TASK DATA –
+++
text \<open>An extremal pair exists: take \<sigma> the last lowest parameter in a period starting at a
  highest one, and \<mu> the first highest parameter after \<sigma>.\<close>

lemma extremal_pair_exists: "\<exists>\<sigma> \<mu>. extremal_pair \<sigma> \<mu>"
proof -
  obtain tmin \<tau>0 where tmin: "\<And>t. Im (g tmin) \<le> Im (g t)" and tmax: "\<And>t. Im (g t) \<le> Im (g \<tau>0)"
    using Im_attains_extrema by blast
  define ymin where "ymin = Im (g tmin)"
  define ymax where "ymax = Im (g \<tau>0)"
  obtain t where "Im (g t) \<noteq> Im (g 0)"
    using Im_not_constant by blast
  then have "ymin < ymax"
    using tmin[of t] tmin[of 0] tmax[of t] tmax[of 0] unfolding ymin_def ymax_def by linarith
  have "closed ((\<lambda>t. Im (g t)) -` {y})" for y
    using continuous_closed_preimage[OF continuous_on_Im_g[of UNIV] closed_UNIV closed_singleton] by simp
  then have level_compact: "compact ({a..b} \<inter> (\<lambda>t. Im (g t)) -` {y})" for a b y
    by (intro compact_Int_closed compact_Icc)
  define Smin where "Smin = {\<tau>0..\<tau>0 + 1} \<inter> (\<lambda>t. Im (g t)) -` {ymin}"
  obtain t' where "\<tau>0 \<le> t'" "t' < \<tau>0 + 1" "g t' = g tmin"
    by (rule shift_into_period)
  then have "t' \<in> Smin"
    by (simp add: Smin_def ymin_def)
  then obtain \<sigma> where \<sigma>: "\<sigma> \<in> Smin" and \<sigma>_last: "\<And>t. t \<in> Smin \<Longrightarrow> t \<le> \<sigma>"
    using compact_attains_sup[OF level_compact[of \<tau>0 "\<tau>0 + 1" ymin, folded Smin_def]] by blast
  have top_ends: "Im (g \<tau>0) = ymax" "Im (g (\<tau>0 + 1)) = ymax"
    using periodic[of \<tau>0] by (simp_all add: ymax_def)
  have \<sigma>_range: "\<tau>0 < \<sigma>" "\<sigma> < \<tau>0 + 1" "Im (g \<sigma>) = ymin"
    using \<sigma> top_ends \<open>ymin < ymax\<close> by (fastforce simp: Smin_def order_le_less)+
  define Smax where "Smax = {\<sigma>..\<tau>0 + 1} \<inter> (\<lambda>t. Im (g t)) -` {ymax}"
  have "\<tau>0 + 1 \<in> Smax"
    using \<sigma>_range top_ends by (simp add: Smax_def)
  then obtain \<mu> where \<mu>: "\<mu> \<in> Smax" and \<mu>_first: "\<And>t. t \<in> Smax \<Longrightarrow> \<mu> \<le> t"
    using compact_attains_inf[OF level_compact[of \<sigma> "\<tau>0 + 1" ymax, folded Smax_def]] by blast
  have \<mu>_range: "\<sigma> < \<mu>" "\<mu> \<le> \<tau>0 + 1" "Im (g \<mu>) = ymax"
    using \<mu> \<sigma>_range \<open>ymin < ymax\<close> by (fastforce simp: Smax_def order_le_less)+
  have "extremal_pair \<sigma> \<mu>"
    unfolding extremal_pair_def
  proof (intro conjI allI ballI impI)
    show "\<sigma> < \<mu>" "\<mu> < \<sigma> + 1"
      using \<mu>_range \<sigma>_range by auto
    show "Im (g \<sigma>) \<le> Im (g t)" "Im (g t) \<le> Im (g \<mu>)" for t
      using tmin[of t] tmax[of t] \<sigma>_range \<mu>_range by (auto simp: ymin_def ymax_def)
    show "\<tau> = \<sigma>" if "\<tau> \<in> {\<sigma>..\<mu>}" "Im (g \<tau>) = Im (g \<sigma>)" for \<tau>
      using \<sigma>_last[of \<tau>] that \<sigma>_range \<mu>_range by (auto simp: Smin_def)
    show "\<tau> = \<mu>" if "\<tau> \<in> {\<sigma>..\<mu>}" "Im (g \<tau>) = Im (g \<mu>)" for \<tau>
      using \<mu>_first[of \<tau>] that \<mu>_range by (auto simp: Smax_def)
  qed
  then show ?thesis
    by blast
qed
lemma elements_endo_pow_ideal_power:
  assumes X: "is_cpx X" and f: "chain_map X X f" and fI: "\<And>i. elements_mat (f i) \<subseteq> I"
  shows "elements_mat (endo_pow X f (Suc k) i) \<subseteq> ideal_power I (Suc k)"
proof (induction k)
  case 0
  have "idm X i * f i = f i"
    using f is_cpx_hom_iff[OF X X] unfolding chain_map_def by blast
  then have "endo_pow X f (Suc 0) i = f i"
    by (simp add: comp_map_def cpx_id_def)
  moreover have "elements_mat (f i) \<subseteq> ideal_power I (Suc 0)"
    using fI[of i] ideal_power_one[unfolded One_nat_def] by blast
  ultimately show ?case by simp
next
  case (Suc k)
  have "elements_mat (endo_pow X f (Suc k) i * f i) \<subseteq> ideal_power I (Suc k + 1)"
  proof (rule elements_mat_mult_ideal_power)
    show "elements_mat (f i) \<subseteq> ideal_power I 1"
      using fI[of i] ideal_power_one by blast
    show "dim_col (endo_pow X f (Suc k) i) = dim_row (f i)"
      using chain_map_carrier[OF X X chain_map_endo_pow[OF X f]] chain_map_carrier[OF X X f]
      by (metis carrier_matD)
  qed (rule Suc)
  then show ?case by (simp add: comp_map_def)
qed

lemma contractible_if_id_homotopic_to_nilpotent:
  assumes X: "is_cpx X" and I: "nilpotent_ideal I"
    and f: "chain_map X X f" and fI: "\<And>i. elements_mat (f i) \<subseteq> I"
    and u: "null_homotopic X X (diff_map (cpx_id X) f)"
  shows "contractible X"
proof -
  obtain n where "n > 0" and n: "\<forall>xs. length xs = n \<longrightarrow> set xs \<subseteq> I \<longrightarrow> prod_list xs = 0"
    using I unfolding nilpotent_ideal_def by blast
  have fn_zero: "endo_pow X f n i = 0\<^sub>m (rk X i) (rk X i)" for i
  proof -
    have c: "endo_pow X f n i \<in> carrier_mat (rk X i) (rk X i)"
      using chain_map_carrier[OF X X chain_map_endo_pow[OF X f]] .
    have "elements_mat (endo_pow X f n i) \<subseteq> ideal_power I n"
      using elements_endo_pow_ideal_power[OF X f fI, of "n-1"] \<open>n > 0\<close> by simp
    then have "endo_pow X f n i $$ (j, l) = 0" if "j < rk X i" "l < rk X i" for j l
      using ideal_power_eq_0_if_products_vanish[OF n] c that by blast
    then show ?thesis
      using c by (intro eq_matI) auto
  qed
  have "diff_map (cpx_id X) (endo_pow X f n) = cpx_id X"
  proof
    fix i
    show "diff_map (cpx_id X) (endo_pow X f n) i = cpx_id X i"
      unfolding diff_map_def cpx_id_def fn_zero using is_cpx_idm_carrier[OF X, of i]
      by (intro eq_matI) auto
  qed
  then show ?thesis
    using null_homotopic_id_minus_endo_pow[OF X f u, of n] unfolding contractible_def by simp
qed

section \<open>Base change along a ring homomorphism\<close>

lemma tensor_cpx_simps [simp]:
  "rk (tensor_cpx \<phi> X) = rk X"
  "idm (tensor_cpx \<phi> X) i = map_mat \<phi> (idm X i)"
  "dif (tensor_cpx \<phi> X) i = map_mat \<phi> (dif X i)"
  unfolding tensor_cpx_def by simp_all

lemma tensor_cpx_left_inverse:
  assumes "\<And>a. \<psi> (\<phi> a) = a"
  shows "tensor_cpx \<psi> (tensor_cpx \<phi> X) = X"
proof -
  have "map_mat \<psi> (map_mat \<phi> A) = A" for A
    by (intro eq_matI) (simp_all add: assms)
  then show ?thesis
    by (simp add: tensor_cpx_def)
qed

context ring_hom
begin

lemma mat_hom_add:
  "A \<in> carrier_mat nr nc \<Longrightarrow> B \<in> carrier_mat nr nc \<Longrightarrow> mat\<^sub>h (A + B) = mat\<^sub>h A + mat\<^sub>h B"
  by (intro eq_matI) (simp_all add: hom_add)

lemma mat_hom_minus:
  "A \<in> carrier_mat nr nc \<Longrightarrow> B \<in> carrier_mat nr nc \<Longrightarrow> mat\<^sub>h (A - B) = mat\<^sub>h A - mat\<^sub>h B"
  by (intro eq_matI) (simp_all add: hom_minus)

lemma mat_hom_zero: "mat\<^sub>h (0\<^sub>m nr nc) = 0\<^sub>m nr nc"
  by (intro eq_matI) simp_all

lemma is_hom_mat_hom:
  assumes e: "e \<in> carrier_mat n n" and f: "f \<in> carrier_mat m m" and g: "is_hom e f g"
  shows "is_hom (mat\<^sub>h e) (mat\<^sub>h f) (mat\<^sub>h g)"
proof -
  have gc: "g \<in> carrier_mat m n" and fge: "f * g * e = g"
    using g e f unfolding is_hom_def by auto
  have "mat\<^sub>h f * mat\<^sub>h g * mat\<^sub>h e = mat\<^sub>h (f * g * e)"
    unfolding mat_hom_mult[OF mult_carrier_mat[OF f gc] e] mat_hom_mult[OF f gc] ..
  then show ?thesis
    using e gc f fge unfolding is_hom_def by simp
qed

lemma is_cpx_tensor:
  assumes X: "is_cpx X"
  shows "is_cpx (tensor_cpx hom X)"
  unfolding is_cpx_def tensor_cpx_simps
proof (intro conjI allI)
  fix i
  note e = is_cpx_idm_carrier[OF X] and d = is_cpx_dif_carrier[OF X]
  show "mat\<^sub>h (idm X i) \<in> carrier_mat (rk X i) (rk X i)"
    using e by simp
  show "mat\<^sub>h (idm X i) * mat\<^sub>h (idm X i) = mat\<^sub>h (idm X i)"
    using is_cpx_idempotent[OF X, of i] unfolding idempotent_mat_def by (metis mat_hom_mult)
  show "is_hom (mat\<^sub>h (idm X i)) (mat\<^sub>h (idm X (i+1))) (mat\<^sub>h (dif X i))"
    using is_hom_mat_hom[OF e e is_cpx_dif_hom[OF X]] .
  have "dif X (i+1) \<in> carrier_mat (rk X (i+1+1)) (rk X (i+1))"
    using d .
  then show "mat\<^sub>h (dif X (i+1)) * mat\<^sub>h (dif X i) = 0\<^sub>m (rk X (i+2)) (rk X i)"
    using is_cpx_dif_dif[OF X, of i] d[of i] mat_hom_mult[symmetric] mat_hom_zero
    by (metis add.assoc one_add_one)
next
  show "\<exists>N. \<forall>i. N < \<bar>i\<bar> \<longrightarrow> rk X i = 0"
    using X unfolding is_cpx_def by blast
qed
lemma odd_cross_term_nonzero:
  fixes p q r s :: int
  assumes "odd p" "odd q" "odd r" "odd s"
  shows "p * (r - s) + q * (r + s) \<noteq> 0"
proof
  assume cross: "p * (r - s) + q * (r + s) = 0"
  have "even (r - s)" "even (r + s)" using assms by simp_all
  then obtain e f where ef: "r - s = 2 * e" "r + s = 2 * f" by (elim evenE)
  have "p * e + q * f = 0" using cross ef by (simp add: algebra_simps)
  moreover have "e + f = r" using ef by linarith
  then have "odd (e + f)" using \<open>odd r\<close> by simp
  then have "odd (p * e + q * f)" using assms by auto
  ultimately show False by simp
qed

lemma four_squares_power_two_components:
  fixes p q r s :: int
  assumes "p^2 + q^2 + r^2 + s^2 = 2^n" and "p * (r - s) + q * (r + s) = 0"
  shows "\<forall>x\<in>{p, q, r, s}. \<bar>x\<bar> \<in> {0, 2^(n div 2)}"
  using assms
proof (induction n arbitrary: p q r s rule: less_induct)
  case (less n)
  show ?case
  proof (cases "n \<le> 1")
    case True
    have "\<bar>x\<bar> \<le> 1" if "x \<in> {p, q, r, s}" for x
    proof (rule ccontr)
      assume "\<not> \<bar>x\<bar> \<le> 1"
      then have "2^2 \<le> \<bar>x\<bar>^2" by (intro power_mono) auto
      moreover have "x^2 \<le> 2^n"
        using that less.prems(1) zero_le_power2[of p] zero_le_power2[of q] zero_le_power2[of r]
          zero_le_power2[of s] by (elim insertE emptyE) (hypsubst, linarith)+
      moreover have "(2::int)^n \<le> 2" using True by (cases n) auto
      ultimately show False by simp
    qed
    with True show ?thesis by force
  next
    case False
    then obtain m where n: "n = m + 2" by (metis add.commute le_Suc_ex not_less_eq_eq one_add_one plus_1_eq_Suc)
    then have "4 dvd p^2 + q^2 + r^2 + s^2" using less.prems(1) by (simp add: power_add)
    then have parity: "even p = even q \<and> even q = even r \<and> even r = even s"
      by (rule four_squares_dvd_4_same_parity)
    show ?thesis
    proof (cases "even p")
      case True
      with parity obtain p' q' r' s' where halves: "p = 2 * p'" "q = 2 * q'" "r = 2 * r'" "s = 2 * s'"
        by (metis evenE)
      have "4 * (p'^2 + q'^2 + r'^2 + s'^2) = 4 * 2^m"
        using less.prems(1) halves n by (simp add: power2_eq_square power_add algebra_simps)
      moreover have "4 * (p' * (r' - s') + q' * (r' + s')) = 0"
        using less.prems(2) halves by (simp add: algebra_simps)
      ultimately have "p'^2 + q'^2 + r'^2 + s'^2 = 2^m" "p' * (r' - s') + q' * (r' + s') = 0"
        by simp_all
      with n have "\<forall>x\<in>{p', q', r', s'}. \<bar>x\<bar> \<in> {0, 2^(m div 2)}"
        by (intro less.IH) simp_all
      moreover have "n div 2 = Suc (m div 2)" using n by simp
      ultimately show ?thesis using halves by (auto simp: abs_mult)
    next
      case False
      with parity have "p * (r - s) + q * (r + s) \<noteq> 0" by (intro odd_cross_term_nonzero) auto
      with less.prems(2) show ?thesis by contradiction
    qed
  qed
qed

lemma finite_vecs: "finite (vecs n)"
  using finite_lists_length_eq[of "UNIV :: bool set" n] by (simp add: vecs_def)

lemma sum_vecs_Suc: "(\<Sum>z\<in>vecs (Suc m). g z) = (\<Sum>x\<in>vecs m. g (x @ [False]) + g (x @ [True]))"
proof -
  have "vecs (Suc m) = (\<lambda>x. x @ [False]) ` vecs m \<union> (\<lambda>x. x @ [True]) ` vecs m"
  proof (intro equalityI subsetI)
    fix z assume "z \<in> vecs (Suc m)"
    then have "z = butlast z @ [last z]" "butlast z \<in> vecs m"
      by (auto simp: vecs_def intro!: append_butlast_last_id[symmetric])
    then show "z \<in> (\<lambda>x. x @ [False]) ` vecs m \<union> (\<lambda>x. x @ [True]) ` vecs m"
      by (cases "last z") auto
  qed (auto simp: vecs_def)
  then have "(\<Sum>z\<in>vecs (Suc m). g z)
      = (\<Sum>z\<in>(\<lambda>x. x @ [False]) ` vecs m. g z) + (\<Sum>z\<in>(\<lambda>x. x @ [True]) ` vecs m. g z)"
    by (simp only:) (rule sum.union_disjoint; auto simp: finite_vecs)
  also have "\<dots> = (\<Sum>x\<in>vecs m. g (x @ [False])) + (\<Sum>x\<in>vecs m. g (x @ [True]))"
    by (simp add: sum.reindex inj_on_def)
  finally show ?thesis by (simp add: sum.distrib)
qed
+++
AIM OF THE EXERCISE –
Begin at the line that has "by (metis carrier_matD)" in the entries above; stop after the line that has "using elements_endo_pow_ideal_power[OF X". Transcribe exactly those lines and no others.

YOUR RESPONSE –
      by (metis carrier_matD)
  qed (rule Suc)
  then show ?case by (simp add: comp_map_def)
qed

lemma contractible_if_id_homotopic_to_nilpotent:
  assumes X: "is_cpx X" and I: "nilpotent_ideal I"
    and f: "chain_map X X f" and fI: "\<And>i. elements_mat (f i) \<subseteq> I"
    and u: "null_homotopic X X (diff_map (cpx_id X) f)"
  shows "contractible X"
proof -
  obtain n where "n > 0" and n: "\<forall>xs. length xs = n \<longrightarrow> set xs \<subseteq> I \<longrightarrow> prod_list xs = 0"
    using I unfolding nilpotent_ideal_def by blast
  have fn_zero: "endo_pow X f n i = 0\<^sub>m (rk X i) (rk X i)" for i
  proof -
    have c: "endo_pow X f n i \<in> carrier_mat (rk X i) (rk X i)"
      using chain_map_carrier[OF X X chain_map_endo_pow[OF X f]] .
    have "elements_mat (endo_pow X f n i) \<subseteq> ideal_power I n"
      using elements_endo_pow_ideal_power[OF X f fI, of "n-1"] \<open>n > 0\<close> by simp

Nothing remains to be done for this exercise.